WORK TO BE COMPLETED | Search the records for the word "lemma". Copy every line where it appears.

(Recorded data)
____

lemma convex_local_global_minimum_within:
  fixes f :: "'a::real_normed_vector \<Rightarrow> real"
  assumes "convex_on K f" "z \<in> K" "e > 0" "\<And>y. y \<in> K \<inter> ball z e \<Longrightarrow> f z \<le> f y" "y \<in> K"
  shows "f z \<le> f y"
proof (rule ccontr)
  assume "\<not> f z \<le> f y"
  then have "z \<noteq> y" by auto
  then obtain t where t: "0 < t" "t \<le> 1" "t < e / dist z y"
    using field_lbound_gt_zero[of 1 "e / dist z y"] assms(3) by auto
  define v where "v = (1 - t) *\<^sub>R z + t *\<^sub>R y"
  have "dist z v = t * dist z y"
    using t(1) by (simp add: v_def dist_norm algebra_simps flip: scaleR_diff_right)
  also have "\<dots> < e"
    using t \<open>z \<noteq> y\<close> by (simp add: pos_less_divide_eq mult.commute)
  finally have "v \<in> K \<inter> ball z e"
    using convexD[OF convex_on_imp_convex[OF assms(1)] assms(2,5)] t by (simp add: v_def)
  then have "f z \<le> (1 - t) * f z + t * f y"
    using assms(4) convex_onD[OF assms(1), of t z y] assms(2,5) t unfolding v_def by force
  then show False
    using \<open>\<not> f z \<le> f y\<close> t(1) by (simp add: algebra_simps)
qed

lemma active_Un_inactive:
  assumes "sym_pos_def_mat H" "ZI G S w x UNIV \<noteq> {}"
  shows "active_set H F G S w x \<union> inactive_set H F G S w x = UNIV"
  using zstarI_minimizer(1)[OF assms]
  by (auto simp: active_set_def inactive_set_def zstar_def ZI_UNIV less_le)

lemma zstarI_eq_zstar_if_active_subset:
  fixes G :: "real^'nz^'nc::finite"
  assumes H: "sym_pos_def_mat H" and feasible: "ZI G S w x UNIV \<noteq> {}"
    and active: "active_set H F G S w x \<subseteq> I"
  shows "zstarI H F G S w x I = zstar H F G S w x"
proof -
  define z where "z = zstar H F G S w x"
  have z: "z \<in> ZI G S w x UNIV"
    and z_min: "\<And>y. y \<in> ZI G S w x UNIV \<Longrightarrow> qp_cost H F x z \<le> qp_cost H F x y"
    using zstarI_minimizer[OF H feasible] by (simp_all add: z_def zstar_def)
  define U where "U = (\<Inter>j\<in>-I. {y. (G $ j) \<bullet> y < (S $ j) \<bullet> x + w $ j})"
  have "open U"
    unfolding U_def by (intro open_INT ballI open_halfspace_lt) simp
  moreover have "z \<in> U"
    using z active active_Un_inactive[OF H feasible]
    by (auto simp: U_def z_def inactive_set_def)
  ultimately obtain e where e: "e > 0" "ball z e \<subseteq> U"
    using open_contains_ball by blast
  \<comment> \<open>near z, the constraints outside I hold strictly, so there Z(x,I) and Z(x) coincide\<close>
  have "ZI G S w x I \<inter> ball z e \<subseteq> ZI G S w x UNIV"
    using e(2) by (force simp: ZI_def Zj_def U_def)
  then have local_min: "qp_cost H F x z \<le> qp_cost H F x y" if "y \<in> ZI G S w x I \<inter> ball z e" for y
    using z_min that by blast
  have convex: "convex_on (ZI G S w x I) (qp_cost H F x)"
    using convex_on_subset[OF convex_on_qp_cost[OF H] subset_UNIV convex_ZI] .
  have zI: "z \<in> ZI G S w x I"
    using z ZI_UNIV_subset by blast
  have "qp_cost H F x z \<le> qp_cost H F x y" if "y \<in> ZI G S w x I" for y
    using convex_local_global_minimum_within[OF convex zI e(1) local_min that] .
  then show ?thesis
    unfolding z_def by (rule zstarI_eqI[OF H zI[unfolded z_def]])
qed

lemma zstarI_eq_zstar_if_feasible:
  assumes H: "sym_pos_def_mat H" and feasible: "zstarI H F G S w x I \<in> ZI G S w x UNIV"
  shows "zstarI H F G S w x I = zstar H F G S w x"
proof -
  have "ZI G S w x I \<noteq> {}"
    using feasible ZI_UNIV_subset by blast
  then have "qp_cost H F x (zstarI H F G S w x I) \<le> qp_cost H F x y" if "y \<in> ZI G S w x UNIV" for y
    using zstarI_minimizer(2)[OF H] ZI_UNIV_subset that by blast
  then show ?thesis
    unfolding zstar_def by (rule zstarI_eqI[OF H feasible, symmetric])
qed

theorem theorem1:
  fixes H :: "real^'nz^'nz" and F :: "real^'nz^'nx" and G :: "real^'nz^'nc::finite"
    and S :: "real^'nx^'nc" and w :: "real^'nc" and \<kappa> :: real and xh x :: "real^'nx"
  assumes "sym_pos_def_mat H"
    and "\<forall>x. {z. \<forall>j. (G $ j) \<bullet> z \<le> (S $ j) \<bullet> x + w $ j} \<noteq> {}"
    and "is_GLC H F G S w \<kappa>"
  shows "zstarI H F G S w x
           (active_set H F G S w xh \<union>
            {j \<in> inactive_set H F G S w xh.
               \<not> (cball (zstar H F G S w xh) (\<kappa> * norm (x - xh)) \<subseteq> Zj G S w j x)})
         = zstar H F G S w x"
proof -
  define B where "B = cball (zstar H F G S w xh) (\<kappa> * norm (x - xh))"
  define I where "I = active_set H F G S w xh \<union> {j \<in> inactive_set H F G S w xh. \<not> B \<subseteq> Zj G S w j x}"
  have feasible: "ZI G S w y UNIV \<noteq> {}" for y
    using assms(2) by (simp add: ZI_UNIV)
  have "zstarI H F G S w xh I = zstar H F G S w xh"
    by (rule zstarI_eq_zstar_if_active_subset[OF assms(1) feasible]) (simp add: I_def)
  moreover have "norm (zstarI H F G S w x I - zstarI H F G S w xh I) \<le> \<kappa> * norm (x - xh)"
    using assms(3) unfolding is_GLC_def by blast
  ultimately have "zstarI H F G S w x I \<in> B"
    by (simp add: B_def dist_norm norm_minus_commute)
  moreover have "B \<subseteq> Zj G S w j x" if "j \<notin> I" for j
    using that active_Un_inactive[OF assms(1) feasible] by (auto simp: I_def)
  moreover have "zstarI H F G S w x I \<in> ZI G S w x I"
    using feasible[of x] ZI_UNIV_subset[of G S w x I] by (intro zstarI_minimizer(1)[OF assms(1)]) blast
  ultimately have "zstarI H F G S w x I \<in> ZI G S w x UNIV"
    unfolding ZI_def by blast
  then show ?thesis
    unfolding I_def B_def by (rule zstarI_eq_zstar_if_feasible[OF assms(1)])
qed

end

____

THE COMPLETED TASK |
lemma convex_local_global_minimum_within:
lemma active_Un_inactive:
lemma zstarI_eq_zstar_if_active_subset:
lemma zstarI_eq_zstar_if_feasible:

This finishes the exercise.